Crying for Sushi

Suuuushiiiiii

On my birthday, in September of 2016, I was lying on my bathroom floor, waiting for my daughter to be done with the restroom and crying on the phone to my husband, begging for sushi.   

Three weeks before that sobbing mess I decided to do the same diet as my husband started the previous February (and lost 60lbs in 2 months).  I myself was 60lbs heavier than I ever had been and pretty stressed out.  We had just had the dog bite incident, and I was in the middle of quitting my meds.  I was miserable.  

Before he decided to be a better man (his words), Miles had watched a show called My Diet is Better than Yours and liked one of the top contenders, the Wild Diet.  He based his diet off of what he saw in the show.  When I joined in we read the book and used it as the basis for our meals.  Only sprouted grains, little to no sugar, only grass-fed dairy, and a high-fat ratio.  We failed at the lots of veggies part.

The first three weeks sucked.  I was starving, I couldn’t eat anything I wanted, allowed foods were boring or weird, and this was after months of cooking according to the diet.  It was different when I was going through it vs. witnessing him.  

After three weeks it started to get better.  My palette changed and things that weren’t sweet to me before became delectable and foods that were sweet before became way too sweet and inedible.  By December I was 70lbs lighter, and my full 80lbs by the end of January.  It got easy after that.  In 2017 I rocked that diet, aided by double dose antidepressants mania, and managed to make it to the holidays.  I spent my days in a co-working space in the city, an easy walk to high fat & Mediterranean foods. 
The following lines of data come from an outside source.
lemma a_phi_unbounded:
  assumes c: "c > 0" and decay: "\<And>x. c \<le> (1 + norm x) * \<bar>\<phi> x\<bar>" and T: "T > 0"
  shows "\<exists>e<0. T < a_phi \<phi> e"
proof -
  define \<delta> where "\<delta> = min 1 (min (sqrt (c / 4)) (c ^ 3 / (128 * (T + 1))))"
  have \<delta>: "0 < \<delta>" "\<delta> \<le> 1" "\<delta> \<le> sqrt (c / 4)" "\<delta> \<le> c ^ 3 / (128 * (T + 1))"
    using c T by (auto simp: \<delta>_def)
  have "\<delta>\<^sup>2 \<le> sqrt (c / 4) ^ 2" using \<delta> by (intro power_mono) auto
  then have "4 * \<delta>\<^sup>2 \<le> c" using c by simp
  have "T < 2 * (T + 1)" using T by simp
  also have "\<dots> \<le> c ^ 3 / (64 * \<delta>)"
    using \<delta>(1,4) T by (simp add: field_simps)
  also have "\<dots> \<le> c ^ 3 / (64 * \<delta> ^ 3)"
    using power_decreasing[of 1 3 \<delta>] \<delta>(1,2) c by (intro divide_left_mono) auto
  also have "\<dots> \<le> a_phi \<phi> (- \<delta>\<^sup>2)"
    by (rule a_phi_ge[OF c decay \<delta>(1) \<open>4 * \<delta>\<^sup>2 \<le> c\<close>])
  finally show ?thesis using \<delta> by (intro exI[of _ "- \<delta>\<^sup>2"]) simp
qed

lemma a_phi_bij_betw:
  assumes c: "c > 0" and decay: "\<And>x. c \<le> (1 + norm x) * \<bar>\<phi> x\<bar>"
  shows "bij_betw (a_phi \<phi>) energies {0<..}"
  unfolding bij_betw_def
proof (intro conjI strict_mono_on_imp_inj_on[OF a_phi_strict_mono_on] subset_antisym subsetI)
  show "s \<in> {0<..}" if "s \<in> a_phi \<phi> ` energies" for s
    using that a_phi_pos_iff by auto
  fix s :: real assume "s \<in> {0<..}"
  then have s: "s > 0" by simp
  obtain e1 where e1: "e1 < 0" "a_phi \<phi> e1 \<le> s" using a_phi_small[OF s] by blast
  obtain e2 where e2: "e2 < 0" "s < a_phi \<phi> e2" using a_phi_unbounded[OF c decay s] by blast
  have "e1 \<le> e2" using a_phi_mono[of e2 e1] e1 e2 by fastforce
  moreover have "continuous_on {e1..e2} (a_phi \<phi>)"
    using e2(1) by (intro continuous_at_imp_continuous_on ballI isCont_a_phi) auto
  ultimately obtain e where e: "e1 \<le> e" "e \<le> e2" "a_phi \<phi> e = s"
    using IVT'[of "a_phi \<phi>" e1 s e2] e1 e2 by auto
  then have "e \<in> energies" using e2(1) s a_phi_pos_iff[of e] by auto
  with e(3) show "s \<in> a_phi \<phi> ` energies" by blast
qed

lemma a_phi_inverse_C1_differentiable_on:
  assumes c: "c > 0" and decay: "\<And>x. c \<le> (1 + norm x) * \<bar>\<phi> x\<bar>"
  shows "inv_into energies (a_phi \<phi>) C1_differentiable_on {0<..}"
proof (rule C1_differentiable_on_inv_into[OF open_energies open_greaterThan a_phi_bij_betw[OF c decay]])
  show "(a_phi \<phi> has_real_derivative 4 * pi / 3 * kin_int_deriv e) (at e)" if "e \<in> energies" for e
    using that by (intro a_phi_has_real_derivative) simp
  show "continuous_on energies (\<lambda>e. 4 * pi / 3 * kin_int_deriv e)"
    by (rule continuous_on_subset[OF continuous_on_a_phi_deriv]) auto
  show "4 * pi / 3 * kin_int_deriv e \<noteq> 0" if "e \<in> energies" for e
    using that kin_int_deriv_pos_iff[of e] by auto
qed

lemma a_phi_inverse_ge:
  assumes c: "c > 0" and decay: "\<And>x. c \<le> (1 + norm x) * \<bar>\<phi> x\<bar>" and s: "s > 0"
  shows "inv_into energies (a_phi \<phi>) s \<ge>
    - max ((2 * (16 * pi / 3)) powr (1 / (q - 3))) ((2 * (16 * pi / 3)) powr (1 / q)) *
      (Lp_norm q \<phi> powr (q / (q - 3)) / s powr (1 / (q - 3)) + Lp_norm q \<phi> / s powr (1 / q))"
proof -
  define e where "e = inv_into energies (a_phi \<phi>) s"
  have "a_phi \<phi> ` energies = {0<..}"
    using a_phi_bij_betw[OF c decay] by (simp add: bij_betw_def)
  then have e: "e \<in> energies" "a_phi \<phi> e = s"
    unfolding e_def using s by (metis greaterThan_iff inv_into_into, metis greaterThan_iff f_inv_into_f)
  then have "s \<le> 16 * pi / 3 / (- e) powr (q - 3) * (1 + 1 / (- e) ^ 3) * Lp_norm q \<phi> powr q"
    using a_phi_le[of e] by simp
  then have "- e \<le> max ((2 * (16 * pi / 3)) powr (1 / (q - 3))) ((2 * (16 * pi / 3)) powr (1 / q)) *
      (Lp_norm q \<phi> powr (q / (q - 3)) / s powr (1 / (q - 3)) + Lp_norm q \<phi> / s powr (1 / q))"
    using e s q_gt_3 by (intro le_of_powr_mass_bound) (auto simp: Lp_norm_def)
  then show ?thesis by (simp add: e_def)
qed

end

lemma m_inf_le: "m_inf \<phi> \<le> (1 + norm x) * \<bar>\<phi> x\<bar>"
  unfolding m_inf_def by (rule cINF_lower) (auto intro: bdd_belowI2[where m=0])

lemma kin_vol_integrand:
  "(max 0 ((max 0 (1 + e - \<phi> x))\<^sup>2 - 1)) powr (3/2) = kin_vol (e - \<phi> x)"
  by (simp add: kin_vol_def add_diff_eq)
2018, I gained about 15lbs in the winter and dropped it by spring when none of my new happy clothes fit.  This has maintained until my Seroquel was upped to 700 and something that had happened on occasion through this took hold permanently.  I wanted to eat, and I couldn’t.  Nearly everything was disgusting in thought and/or when trying to eat it.  I couldn’t stand food being in my mouth and would only eat while driving or otherwise fully distracted.  While it made keeping weight off easier, it made living harder.  I only ate the inside of a breakfast sandwich & kind bars all day, maybe some light string cheese, that’s all I could handle.  This was around the time I started lithium, and as the dosages increased, my ability to handle different foods did too.

And then we both blew up our diets.  We had a child-free weekend and we decided to FEAST.  I made Christmas cookies (my downfall) and we had amazing donuts & the tartest key lime pie ever(his downfall that I joined).  I still fantasize about that pie, it was amazing. Don’t mind the drool.

Once we had that weekend both of us started sneaking in carb & sugar food, it didn’t do too much to my weight, I could balance it, but that food was easy to eat.   My lithium upped again and I wanted All The Carbs.   I gave up a couple weeks ago.  I didn’t go binge, but I was eating two frosted cookies I every night.  I had two bagels with cream cheese & jelly every day.  I told myself I could keep it under 10lbs until the holidays were over, but that came dangerously close yesterday morning.  Yesterday I let myself eat what I wanted, including the two bagels, but I wouldn’t eat past 9.

Bolstered by a half pound weight loss since yesterday, I spent today focused on having more improvement in my eating.  I only had one bagel spread out over a couple meals, chicken & tapioca cheese bread, and a s’more on a holiday walk in trees.  Today I was right back to the old problems.  I wanted to eat, the idea of it was disgusting, I could barely eat the cheese bread, but it’s what we had that I could eat.  I wanted cookies for a millisecond before even those were disgusting.  I am not a fan of this brain trick.  I spend so much time worrying that I’m re-triggering my eating disorder, it honestly feels like it.  I am not a fan of this feeling that I cannot eat like a normal person with a normal brain.   Something to bring up to my therapist, but I’m open to researching as well.   I simply hate this, but I don’t want to get fat or get the metabolic issues that come with some psychiatric meds. 

This sucks.  I’ve gotten used to the ease that comes with having a fairly fit body, I like my clothes, but I don’t want to be in this mental cage anymore either.